# Exercise details
Among the lines below, a stretch begins at the one with "and the apex" and ends at the one with "subdivided by the". Repeat that stretch exactly, ends included.

*** Opening of The input ***

(* Let $\psi$ be a CNF formula with only positive literals, with clauses $C_1,\dots,C_m$ each consisting of three distinct variables, and variables $x_1,\dots,x_p$, in which every variable appears in at least $3$ clauses. Let $G$ be the graph constructed as follows: (1) for each variable $x_i$ create a cycle $D_i$ whose number of vertices equals the number of clauses containing $x_i$; (2) add a vertex $a$ adjacent to every vertex of all cycles $D_1,\dots,D_p$; (3) for each clause $\{x_i,x_j,x_k\}$ add a vertex $u_{ijk}$ adjacent to one vertex of each of $D_i,D_j,D_k$, choosing in each cycle a vertex not yet adjacent to any clause-vertex; (4) subdivide once every edge of the cycles $D_1,\dots,D_p$ and every edge incident to $a$. If $G$ has a $1/2$-shallow topological minor of density at least $\frac{5m}{2m+1}$, then $\psi$ has an assignment in which every clause contains exactly one true variable.
   Context: A graph $H$ is a $1/2$-shallow topological minor of $G$ if some graph obtained from $H$ by subdividing each edge at most once is isomorphic to a subgraph of $G$. The density of $H$ is $\|H\|/|H|$ (number of edges divided by number of vertices). *)

theory Defs
  imports Complex_Main
begin

definition graph :: "'a set \<Rightarrow> 'a set set \<Rightarrow> bool" where
  "graph V E \<longleftrightarrow> finite V \<and>
     (\<forall>e\<in>E. \<exists>u v. u \<noteq> v \<and> e = {u, v} \<and> u \<in> V \<and> v \<in> V)"

definition density :: "'a set \<Rightarrow> 'a set set \<Rightarrow> real" where
  "density V E = real (card E) / real (card V)"

text \<open>(VH,EH) is a 1/2-shallow topological minor of (VG,EG): a graph obtained from H by
  subdividing each edge at most once (the edges in S are subdivided once, the others are
  kept) is isomorphic to a subgraph of G.  The isomorphism maps the original vertices via
  the injective map f and the subdivision vertex of an edge e in S to s e; subdivision
  vertices are pairwise distinct and distinct from the branch vertices.\<close>

definition half_shallow_top_minor ::
  "'h set \<Rightarrow> 'h set set \<Rightarrow> 'g set \<Rightarrow> 'g set set \<Rightarrow> bool" where
  "half_shallow_top_minor VH EH VG EG \<longleftrightarrow> graph VH EH \<and>
     (\<exists>(f :: 'h \<Rightarrow> 'g) (s :: 'h set \<Rightarrow> 'g) S.
        S \<subseteq> EH \<and> inj_on f VH \<and> f ` VH \<subseteq> VG \<and>
        (\<forall>e\<in>EH - S. f ` e \<in> EG) \<and>
        inj_on s S \<and>
        (\<forall>e\<in>S. s e \<in> VG - f ` VH \<and> (\<forall>x\<in>e. {f x, s e} \<in> EG)))"

text \<open>Variables are 0..<p, clauses are the list C (clause j is the set C!j of variable
  indices).  For variable i, the cycle D_i has one vertex Cyc i j for each clause j
  containing x_i; this vertex is the one adjacent to the clause vertex Cl j.  The cyclic
  order of D_i is given by the list ord i (an enumeration of the clauses containing x_i).
  Apex is the vertex a; SA i j subdivides the edge a -- Cyc i j; SC i j subdivides the
  cycle edge from Cyc i j to its successor on D_i.\<close>

datatype vtx = Apex | Cyc nat nat | Cl nat | SA nat nat | SC nat nat

definition occ :: "nat set list \<Rightarrow> nat \<Rightarrow> nat set" where
  "occ C i = {j. j < length C \<and> i \<in> C ! j}"

definition valid_orders :: "nat \<Rightarrow> nat set list \<Rightarrow> (nat \<Rightarrow> nat list) \<Rightarrow> bool" where
  "valid_orders p C ord \<longleftrightarrow> (\<forall>i<p. distinct (ord i) \<and> set (ord i) = occ C i)"

definition cverts :: "nat \<Rightarrow> nat set list \<Rightarrow> (nat \<Rightarrow> nat list) \<Rightarrow> vtx set" where
  "cverts p C ord =
     {Apex}
     \<union> {Cyc i j | i j. i < p \<and> j \<in> set (ord i)}
     \<union> {SA i j | i j. i < p \<and> j \<in> set (ord i)}
     \<union> {SC i j | i j. i < p \<and> j \<in> set (ord i)}
     \<union> {Cl j | j. j < length C}"

definition cedges :: "nat \<Rightarrow> nat set list \<Rightarrow> (nat \<Rightarrow> nat list) \<Rightarrow> vtx set set" where
  "cedges p C ord =
     {{Apex, SA i j} | i j. i < p \<and> j \<in> set (ord i)}
     \<union> {{SA i j, Cyc i j} | i j. i < p \<and> j \<in> set (ord i)}
     \<union> {{Cyc i (ord i ! k), SC i (ord i ! k)} | i k. i < p \<and> k < length (ord i)}
     \<union> {{SC i (ord i ! k), Cyc i (ord i ! ((k + 1) mod length (ord i)))} | i k.
          i < p \<and> k < length (ord i)}
     \<union> {{Cl j, Cyc i j} | i j. j < length C \<and> i \<in> C ! j}"

end

theory Submission
  imports Defs
begin

text \<open>Each edge of H, seen from one of its ends x, occupies one G-edge at the branch vertex
  f x: the first edge of the path representing it.  Distinct half-edges occupy distinct G-edges,
  so 2|E(H)| is at most the sum over the branch vertices of their degrees in G.  Cycle vertices
  have degree 4, clause and cycle-subdivision vertices at most 3, apex-subdivision vertices 2,
  and the apex can occupy at most one edge per branch vertex on a cycle or an apex edge.  When
  the clause vertex of a clause is not a branch vertex, at most two cycle vertices of that clause
  can occupy all four of their edges, since their clause edges all lie on the single H-edge
  subdivided by the clause vertex.  With the density at least 5m/(2m+1) these bounds force the
  branch vertices to be the apex together with exactly 2m cycle vertices using all their edges,
  two in every clause.  Such a cycle vertex forces its successor on the cycle to be a branch
  vertex too, so every cycle lies entirely inside or entirely outside the minor; making true the
  variables whose cycle lies outside satisfies exactly one variable per clause.\<close>

definition incident_edges :: "'a set set \<Rightarrow> 'a \<Rightarrow> 'a set set" where
  "incident_edges E v = {g \<in> E. v \<in> g}"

*** Close of The input ***

# Response box
  and the apex can occupy at most one edge per branch vertex on a cycle or an apex edge.  When
  the clause vertex of a clause is not a branch vertex, at most two cycle vertices of that clause
  can occupy all four of their edges, since their clause edges all lie on the single H-edge
  subdivided by the clause vertex.  With the density at least 5m/(2m+1) these bounds force the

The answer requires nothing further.